As with blooming plants, early morning watering is better than overnight watering, which can cause fungus problems, Lutz said.
Watching the skies
For local farmers, the rain shortfall is not too worrying … yet, according to Pender County Extension Director Mark Seitz.
There is enough sub-surface moisture to give soybeans a good start, he said, and corn appears to be doing fine, though the crop will need some rain between now and tasseling -- a major step in determining the ultimate yield, Seitz said. Early-planted corn will begin tasseling in the next two weeks or so, he said, and growers are hoping for a good soaking rain before that process gets underway.
The dry weather is benefiting the area’s relatively small wheat crop, Seitz said. There is not a great deal of wheat being grown this year due to excessive rain during last fall’s planting.

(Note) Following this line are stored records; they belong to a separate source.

definition truth_values :: "(bool list \<Rightarrow> bool) \<Rightarrow> bool list \<times> bool list \<times> bool list \<Rightarrow> config" where
  "truth_values T = (\<lambda>(w1, w0, wm). (T w1, T w0, T wm))"

lemma sat_eq_truth_values:
  "(sat T z1 \<sigma>, sat T z0 \<sigma>, sat T zm \<sigma>) =
    truth_values T (unzip3 (map (literal_config z1 z0 zm) \<sigma>))"
  by (simp add: sat_def truth_values_def unzip3_def literal_config_def case_prod_unfold o_def)

lemma card_literal_config_eq:
  "card {p \<in> {..<n} \<times> UNIV. literal_config z1 z0 zm p = s} =
    cbn n z1 z0 zm s + cbn n z1 z0 zm (ccompl s)"
proof -
  let ?J = "\<lambda>s. {j. j < n \<and> (z1 ! j, z0 ! j, zm ! j) = s}"
  have fibre: "{p \<in> {..<n} \<times> UNIV. literal_config z1 z0 zm p = s} =
      (\<lambda>l. (l, False)) ` ?J s \<union> (\<lambda>l. (l, True)) ` ?J (ccompl s)"
    by (cases s) (auto simp: literal_config_def ccompl_def image_iff)
  show ?thesis
    unfolding fibre cbn_def by (subst card_Un_disjoint) (auto simp: card_image inj_on_def)
qed

lemma cbn_in_Pk: "cbn k w1 w0 wm \<in> Pk k"
proof -
  have "(\<Sum>s\<in>UNIV. card {j. j \<in> {..<k} \<and> (w1 ! j, w0 ! j, wm ! j) = s}) = card {..<k}"
    unfolding card_eq_sum by (rule sum.group) auto
  then show ?thesis by (simp add: Pk_def cbn_def)
qed

lemma finite_Pk: "finite (Pk k)"
proof (rule finite_subset)
  show "Pk k \<subseteq> PiE UNIV (\<lambda>_. {..k})"
  proof
    fix kk assume "kk \<in> Pk k"
    then have "kk s \<le> k" for s
      using member_le_sum[of s UNIV kk] by (simp add: Pk_def)
    then show "kk \<in> PiE UNIV (\<lambda>_. {..k})" by (simp add: PiE_iff)
  qed
qed (simp add: finite_PiE)

definition integrand :: "real \<Rightarrow> config \<Rightarrow> complex" where
  "integrand \<gamma> y = phase \<gamma> (fst y) (snd (snd y)) * bitv (fst (snd y))"

lemma LHS_eq_sum_config_words:
  "LHS n k T \<gamma> z1 z0 zm =
    (1 / 2 ^ k) * (\<Sum>ws\<in>{ws. length ws = k}.
      (\<Prod>s\<in>UNIV. (of_nat (cbn n z1 z0 zm s + cbn n z1 z0 zm (ccompl s)) / of_nat n) ^ count_list ws s) *
      integrand \<gamma> (truth_values T (unzip3 ws)))"
proof -
  define A where "A = {..<n} \<times> (UNIV :: bool set)"
  have "finite A" by (simp add: A_def)
  have clauses: "clauses n k = {\<sigma>. set \<sigma> \<subseteq> A \<and> length \<sigma> = k}"
    by (auto simp: clauses_def A_def)
  have card_clauses: "card (clauses n k) = (2 * n) ^ k"
    using card_lists_length_eq[OF \<open>finite A\<close>] by (simp add: clauses A_def card_cartesian_product)
  have "LHS n k T \<gamma> z1 z0 zm =
      (\<Sum>\<sigma>\<in>clauses n k. integrand \<gamma> (truth_values T (unzip3 (map (literal_config z1 z0 zm) \<sigma>)))) /
        (2 * n) ^ k"
    unfolding LHS_def clause_expect_def card_clauses sat_eq_truth_values[symmetric]
    by (simp add: integrand_def)
  also have "\<dots> = (\<Sum>ws\<in>{ws. length ws = k}.
      of_nat (\<Prod>s\<leftarrow>ws. card {p\<in>A. literal_config z1 z0 zm p = s}) *
      integrand \<gamma> (truth_values T (unzip3 ws))) / (2 * n) ^ k"
    unfolding clauses
    by (simp only: sum_lists_map_eq_weighted_sum[OF \<open>finite A\<close>,
          where f = "\<lambda>ws. integrand \<gamma> (truth_values T (unzip3 ws))"])
  also have "\<dots> = (1 / 2 ^ k) * (\<Sum>ws\<in>{ws. length ws = k}.
      of_nat (\<Prod>s\<leftarrow>ws. card {p\<in>A. literal_config z1 z0 zm p = s}) / of_nat n ^ length ws *
      integrand \<gamma> (truth_values T (unzip3 ws)))"
    by (auto simp: sum_divide_distrib sum_distrib_left power_mult_distrib intro!: sum.cong)
  finally show ?thesis
    unfolding of_nat_prod_list_divide_power_length A_def card_literal_config_eq .
qed

lemma sum_config_words_eq_sum_Zset:
  fixes F :: "(config \<Rightarrow> nat) \<Rightarrow> 'a::comm_semiring_1" and G :: "config \<Rightarrow> 'a"
  shows "(\<Sum>ws\<in>{ws. length ws = k}. F (count_list ws) * G (truth_values T (unzip3 ws))) =
    (\<Sum>y\<in>UNIV. \<Sum>kk\<in>Pk k. of_nat (card (Zset T k y kk)) * F kk * G y)"
proof -
  define key where "key t = (truth_values T t, cbn k (fst t) (fst (snd t)) (snd (snd t)))"
    for t :: "bool list \<times> bool list \<times> bool list"
  define Tr :: "(bool list \<times> bool list \<times> bool list) set"
    where "Tr = {(w1, w0, wm). length w1 = k \<and> length w0 = k \<and> length wm = k}"
  define \<Phi> where "\<Phi> yk = F (snd yk) * G (fst yk)" for yk
  have "finite Tr"
    using bij_betw_finite[OF bij_betw_unzip3] by (simp add: Tr_def)
  have "key ` Tr \<subseteq> UNIV \<times> Pk k"
    by (auto simp: key_def cbn_in_Pk)
  have Zset_fibre: "Zset T k y kk = {t\<in>Tr. key t = (y, kk)}" for y kk
    by (auto simp: Zset_def Tr_def key_def truth_values_def prod_eq_iff)
  have "(\<Sum>ws\<in>{ws. length ws = k}. F (count_list ws) * G (truth_values T (unzip3 ws))) =
      (\<Sum>ws\<in>{ws. length ws = k}. \<Phi> (key (unzip3 ws)))"
    by (rule sum.cong) (auto simp: \<Phi>_def key_def cbn_unzip3)
  also have "\<dots> = (\<Sum>t\<in>Tr. \<Phi> (key t))"
    unfolding Tr_def by (rule sum_unzip3_eq_sum_triples)
  also have "\<dots> = (\<Sum>yk\<in>UNIV \<times> Pk k. of_nat (card {t\<in>Tr. key t = yk}) * \<Phi> yk)"
    using \<open>finite Tr\<close> _ \<open>key ` Tr \<subseteq> UNIV \<times> Pk k\<close>
    by (rule sum_comp_eq_sum_card_fibres) (simp add: finite_Pk)
  finally show ?thesis
    by (simp add: sum.cartesian_product Zset_fibre \<Phi>_def mult.assoc case_prod_beta')
qed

Berry yields, blueberries in particular, have already been determined, Seitz noted, a process that was somewhat compromised by an ill-timed cold spell during blossoming earlier this year. While the current dry weather can present some problems for growers, most of the large commercial operations in berry-rich Sampson, Columbus, Bladen and Pender counties irrigate the expensive berries.

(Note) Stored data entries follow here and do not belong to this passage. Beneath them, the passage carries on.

definition no_vortex_at :: "'v set \<Rightarrow> 'v set \<Rightarrow> ('v \<Rightarrow> 'v \<Rightarrow> bool) \<Rightarrow> 'v \<Rightarrow> bool" where
  "no_vortex_at V M A k \<longleftrightarrow>
     (\<forall>a b c. relevant_triangle V M a b c \<and> k \<notin> {a, b, c} \<longrightarrow> \<not> vortex A k a b c)"

definition paths_through_cyclic :: "'v set \<Rightarrow> 'v set \<Rightarrow> ('v \<Rightarrow> 'v \<Rightarrow> bool) \<Rightarrow> 'v \<Rightarrow> bool" where
  "paths_through_cyclic V M A r \<longleftrightarrow>
     (\<forall>u w. relevant V M u w \<and> u \<noteq> r \<and> w \<noteq> r \<and> A w r \<and> A r u \<longrightarrow> A u w)"

definition no_3cycle_avoiding :: "'v set \<Rightarrow> 'v set \<Rightarrow> ('v \<Rightarrow> 'v \<Rightarrow> bool) \<Rightarrow> 'v \<Rightarrow> bool" where
  "no_3cycle_avoiding V M A r \<longleftrightarrow>
     (\<forall>a b c. relevant_triangle V M a b c \<and> r \<notin> {a, b, c} \<longrightarrow> \<not> cyclic_triangle A a b c)"

text \<open>The state of the orientation right after a mutation at \<open>r\<close>.\<close>

definition settled_at :: "'v set \<Rightarrow> 'v set \<Rightarrow> ('v \<Rightarrow> 'v \<Rightarrow> bool) \<Rightarrow> 'v \<Rightarrow> bool" where
  "settled_at V M A r \<longleftrightarrow> paths_through_cyclic V M A r \<and> no_3cycle_avoiding V M A r"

In fact, Seitz noted, berry growers worry about a soaking rain at this point in the crop’s development. Berries can take in too much water too fast from a heavy rain, he said, resulting in ruinous splitting of the fruit.
Irrigation helps the crop, but its added expense hurts the bottom line. So, too, does the hot weather that has arrived early this year. Harvesting berries in 90-degree and near 90-degree temperatures means that post-harvest chillers have to work longer and harder, adding to the expense side of the ledger.
Hurricane Florence damaged quite a lot of bushes last fall, Seitz said, and 2019 yields in the blueberry belt are likely to fall about 25 to 30 percent below a good year, he noted. Additionally, Georgia is reporting a banner crop, and those berries will put price pressure on the local crop, as well.
Still, “so far, it hasn’t been a huge problem,” Seitz said of the dryness. “But if we don’t get some rain soon, it will be. If we don’t see some significant rain in the next 10 days to two weeks, then we are going to see some potential yield loss,” especially in corn.
Staff writer Cammie Bellamy contributed reporting.